# Sizing Ceiling Joists for Attics



## jar546 (Jul 9, 2013)

Educational:

A builder submits plans for a new home.  It is a small ranch 24' wide by 60' long with a simple gable roof that has a 6/12 pitch.  All of the ceilings will be flat, nothing fancy, no pan/tray, vaulted, etc.

In order to save money for the homeowner, the builder has opted to declare the attic non-storage space on the submitted documents and utilize Table 802.4(1)  The 2009 IRC applies for this house.

The longest span for ceiling joists in the entire house is the master bedroom with a span of 16'8".  The builder has specified 2x6 SPF 16" o.c.

Can this be done prescriptively per the 2009 IRC?


----------



## Jobsaver (Jul 9, 2013)

I'll bite, and suffer the usual sting of humiliation after I am once again corrected. I operate under the teaching that the correct chart to use for the subject home, _for an occupied space_, would be 802.4(2) having a dead load of 10 psf for lumber, drywall, and insulation.


----------



## jar546 (Jul 9, 2013)

Jobsaver said:
			
		

> I'll bite, and suffer the usual sting of humiliation after I am once again corrected. I operate under the teaching that the correct chart to use for the subject home, _for an occupied space_, would be 802.4(2) having a dead load of 10 psf for lumber, drywall, and insulation.

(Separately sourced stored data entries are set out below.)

definition support_space :: "bit ^ 'n \<Rightarrow> (bit ^ 'n) set" where
  "support_space x = {y. \<forall>i. x $ i = 0 \<longrightarrow> y $ i = 0}"

lemma supported_on_iff: "supported_on D x \<longleftrightarrow> D \<subseteq> support_space x"
  by (auto simp: supported_on_def support_space_def)

lemma self_dual_on_support_iff:
  "self_dual_on_support D x \<longleftrightarrow> D = support_space x \<inter> dual_code D"
  by (simp add: self_dual_on_support_def support_space_def dual_code_def Int_def)

lemma bit_mult_self [simp]: "(b :: bit) * b = b"
  by (cases b) simp_all

lemma bit_add_eq_0_iff [simp]: "(a :: bit) + b = 0 \<longleftrightarrow> a = b"
  by (cases a; cases b) simp_all

lemma of_nat_bit_eq_0_iff: "(of_nat n :: bit) = 0 \<longleftrightarrow> even n"
  by (induction n) (auto simp: add_bit_eq_xor)

lemma bin_inner_commute: "bin_inner a b = bin_inner b a"
  by (simp add: bin_inner_def mult.commute)

lemma bin_inner_add_right: "bin_inner y (a + b) = bin_inner y a + bin_inner y b"
  by (simp add: bin_inner_def sum.distrib algebra_simps)

lemma bin_inner_diff_right: "bin_inner y (a - b) = bin_inner y a - bin_inner y b"
  by (simp add: bin_inner_def sum.distrib algebra_simps)

lemma bin_inner_diff_left: "bin_inner (a - b) y = bin_inner a y - bin_inner b y"
  by (simp add: bin_inner_def sum.distrib algebra_simps)

lemma bin_inner_scale_right: "bin_inner y (c *s a) = c * bin_inner y a"
  by (simp add: bin_inner_def sum_distrib_left algebra_simps)

lemma bin_inner_scale_left: "bin_inner (c *s a) y = c * bin_inner a y"
  by (simp add: bin_inner_def sum_distrib_left algebra_simps)
(* Let $M,n\ge 1$ and let $f^i_m:\mathbb{R}^d\to\mathbb{R}$ ($m\in[M]$, $i\in[n]$) be differentiable, convex and $L$-smooth, with $f_m=\frac1n\sum_{i=1}^n f^i_m$ and $f=\frac1M\sum_{m=1}^M f_m$. Assume $f$ is $L$-smooth and $\mu$-strongly convex with $\mu>0$, and let $x_*$ be its minimizer. Run Nastya (Random-Reshuffling option) with client stepsize $\gamma>0$, server stepsize $\eta$ and cohort size $C\in\{1,\dots,M\}$, where $\gamma n\le \eta\le \frac{1}{16L}$. Then for every $T\ge 1$, $$\mathbb{E}\big[\|x_T-x_*\|^2\big]\le \Big(1-\frac{\eta\mu}{2}\Big)^T\|x_0-x_*\|^2+\frac{5\gamma^2 nL}{\mu}\Big(\frac1M\sum_{m=1}^M\sigma_{*,m}^2+n\sigma_*^2\Big)+\frac{8\eta}{\mu}\cdot\frac{M-C}{C\max\{M-1,1\}}\,\sigma_*^2 .$$
   Context: Here $[k]=\{1,\dots,k\}$. A function $h$ is $L$-smooth if $\|\nabla h(x)-\nabla h(y)\|\le L\|x-y\|$ for all $x,y$. Algorithm Nastya (Random-Reshuffling option), with inputs $\gamma>0$, $\eta\ge0$, $C\in\{1,\dots,M\}$, $x_0\in\mathbb{R}^d$. For each round $t=0,1,\dots,T-1$: (i) sample a cohort $S_t\subseteq[M]$ uniformly at random among all subsets of cardinality $C$; (ii) for each $m\in S_t$, sample a permutation $\pi_m=(\pi_m^0,\dots,\pi_m^{n-1})$ of $[n]$ uniformly at random, and set $x^0_{t,m}=x_t$ and $x^{i+1}_{t,m}=x^i_{t,m}-\gamma\nabla f_m^{\pi_m^i}(x^i_{t,m})$ for $i=0,\dots,n-1$; (iii) set $g_{t,m}=\frac{1}{\gamma n}(x_t-x^n_{t,m})$, $g_t=\frac1C\sum_{m\in S_t}g_{t,m}$ and $x_{t+1}=x_t-\eta g_t$. All samplings (cohorts and permutations, across clients and rounds) are mutually independent and independent of the past. Notation: $\sigma_*^2=\frac1M\sum_{m=1}^M\|\nabla f_m(x_* )\|^2$ and $\sigma_{*,m}^2=\frac1n\sum_{i=1}^n\|\nabla f^i_m(x_* )\|^2$. *)

theory Defs
  imports "HOL-Analysis.Analysis" "HOL-Probability.Probability"
begin

text \<open>Indices are 0-based: clients m in {0..<M}, data points i in {0..<n}.
  f m i is the function f_m^(i+1); g m i is its gradient.\<close>

definition L_smooth_grad :: "('a::euclidean_space \<Rightarrow> 'a) \<Rightarrow> real \<Rightarrow> bool" where
  "L_smooth_grad h' L \<longleftrightarrow> (\<forall>x y. norm (h' x - h' y) \<le> L * norm (x - y))"

definition strongly_convex :: "('a::euclidean_space \<Rightarrow> real) \<Rightarrow> real \<Rightarrow> bool" where
  "strongly_convex h \<mu> \<longleftrightarrow> (\<forall>x y t. 0 \<le> t \<and> t \<le> 1 \<longrightarrow>
     h (t *\<^sub>R x + (1 - t) *\<^sub>R y) \<le> t * h x + (1 - t) * h y - \<mu> / 2 * t * (1 - t) * (norm (x - y))\<^sup>2)"

definition client_fun :: "nat \<Rightarrow> (nat \<Rightarrow> nat \<Rightarrow> 'a \<Rightarrow> 'b::real_vector) \<Rightarrow> nat \<Rightarrow> 'a \<Rightarrow> 'b" where
  "client_fun n f m x = (1 / real n) *\<^sub>R (\<Sum>i<n. f m i x)"

definition global_fun :: "nat \<Rightarrow> nat \<Rightarrow> (nat \<Rightarrow> nat \<Rightarrow> 'a \<Rightarrow> 'b::real_vector) \<Rightarrow> 'a \<Rightarrow> 'b" where
  "global_fun M n f x = (1 / real M) *\<^sub>R (\<Sum>m<M. client_fun n f m x)"

fun local_iter :: "(nat \<Rightarrow> nat \<Rightarrow> 'a::real_vector \<Rightarrow> 'a) \<Rightarrow> real \<Rightarrow> nat \<Rightarrow> (nat \<Rightarrow> nat) \<Rightarrow> 'a \<Rightarrow> nat \<Rightarrow> 'a" where
  "local_iter g \<gamma> m \<pi> x 0 = x"
| "local_iter g \<gamma> m \<pi> x (Suc i) =
     (let y = local_iter g \<gamma> m \<pi> x i in y - \<gamma> *\<^sub>R g m (\<pi> i) y)"

definition cohorts :: "nat \<Rightarrow> nat \<Rightarrow> nat set set" where
  "cohorts M C = {S. S \<subseteq> {..<M} \<and> card S = C}"

definition perms :: "nat \<Rightarrow> (nat \<Rightarrow> nat) set" where
  "perms n = {p. p permutes {..<n}}"

definition nastya_step ::
  "nat \<Rightarrow> nat \<Rightarrow> nat \<Rightarrow> (nat \<Rightarrow> nat \<Rightarrow> 'a::real_vector \<Rightarrow> 'a) \<Rightarrow> real \<Rightarrow> real \<Rightarrow> 'a \<Rightarrow> 'a pmf" where
  "nastya_step M n C g \<gamma> \<eta> x =
     bind_pmf (pmf_of_set (cohorts M C)) (\<lambda>S.
     bind_pmf (Pi_pmf S id (\<lambda>_. pmf_of_set (perms n))) (\<lambda>\<pi>.
       (let gm = (\<lambda>m. (1 / (\<gamma> * real n)) *\<^sub>R (x - local_iter g \<gamma> m (\<pi> m) x n));
            gt = (1 / real C) *\<^sub>R (\<Sum>m\<in>S. gm m)
        in return_pmf (x - \<eta> *\<^sub>R gt))))"
lemma matrix_diff_rdistrib:
  "((A::'a::ring_1^'m::finite^'n::finite) - B) ** (C::'a^'p::finite^'m) = A ** C - B ** C"
  by (simp add: vec_eq_iff matrix_matrix_mult_def sum_subtractf left_diff_distrib)

lemma matrix_neg_left:
  "(- (A::'a::ring_1^'m::finite^'n::finite)) ** (B::'a^'p::finite^'m) = - (A ** B)"
  by (simp add: vec_eq_iff matrix_matrix_mult_def sum_negf)

text \<open>The simplifier normalises \<open>Y + Y\<close> to \<open>2 * Y\<close>, where \<open>*\<close> is the entrywise product of
  \<open>vec\<close>; these two rules move such numerals out of matrix products.\<close>

lemma matrix_numeral_left:
  "(numeral k * (A::'a::comm_ring_1^'m::finite^'n::finite)) ** (B::'a^'p::finite^'m)
     = numeral k * (A ** B)"
  by (simp add: vec_eq_iff matrix_matrix_mult_def sum_distrib_left mult.assoc)

lemma matrix_numeral_right:
  "(A::'a::comm_ring_1^'m::finite^'n::finite) ** (numeral k * (B::'a^'p::finite^'m))
     = numeral k * (A ** B)"
  by (simp add: vec_eq_iff matrix_matrix_mult_def sum_distrib_left algebra_simps)

lemmas matrix_ring_simps = matrix_mul_assoc matrix_add_ldistrib matrix_add_rdistrib
  matrix_diff_ldistrib matrix_diff_rdistrib matrix_neg_left
  matrix_numeral_left matrix_numeral_right

lemma adj_matrix_mul:
  "adj ((A::complex^'m::finite^'n::finite) ** (B::complex^'p::finite^'m)) = adj B ** adj A"
  by (simp add: vec_eq_iff matrix_matrix_mult_def adj_def mult.commute)

lemma adj_adj [simp]: "adj (adj A) = A"
  by (simp add: vec_eq_iff adj_def)

lemma adj_zero [simp]: "adj (0 :: complex^'m::finite^'n::finite) = 0"
  by (simp add: vec_eq_iff adj_def)

lemma cscale_cscale: "cscale a (cscale b X) = cscale (a * b) X"
  by (simp add: vec_eq_iff cscale_def)

lemma cscale_zero [simp]: "cscale c 0 = 0"
  by (simp add: vec_eq_iff cscale_def)

lemma cscale_of_real: "cscale (complex_of_real r) X = r *\<^sub>R X"
  by (simp add: vec_eq_iff cscale_def scaleR_conv_of_real[where 'a = complex])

Never humiliation here.  We all may learn something or some of us or most of us or maybe no one but let's hope not on the last one.  I can only hope that some do learn from this exercise and it may just be me too.

Anyway.  What code verbiage is telling you to use Table 802.4(2)?  Please be specific about your answer whether or not it is correct which we don't know at this point.


----------



## TheCommish (Jul 9, 2013)

is the space easily developed for  living or sleeping space, if not treat like a truss 10psf bottom load for deas, no storage allowed, access for  mechanical s only.

If a walk up attic with floor  use proper size joist for  potential load, light storage, or  bedroom 30psf


----------



## Jobsaver (Jul 9, 2013)

jar546 said:
			
		

> What code verbiage is telling you to use Table 802.4(2)?  Please be specific about your answer whether or not it is correct which we don't know at this point.


Can't say. I may have been taught wrong, but have been taught that the average or typical dead load for the building materials used or required in my area for an occupied space in a SFD is about 7 lbs per square foot. Or in other words, the framing, 1/2" drywall, joint compound, fasteners, paint and required insulation typically average about 7 lbs per square foot. Table 802.4(1) reflects a dead load of 5 psf. Table 802.4(2) reflects a dead load of 10 psf.


----------



## jar546 (Jul 10, 2013)

Great information and feedback.  I would like to get feedback from an experienced residential plan reviewer or inspector familiar with the 2009.  I wonder if there are any members of this forum that perform inspections on homes such as this on a daily basis?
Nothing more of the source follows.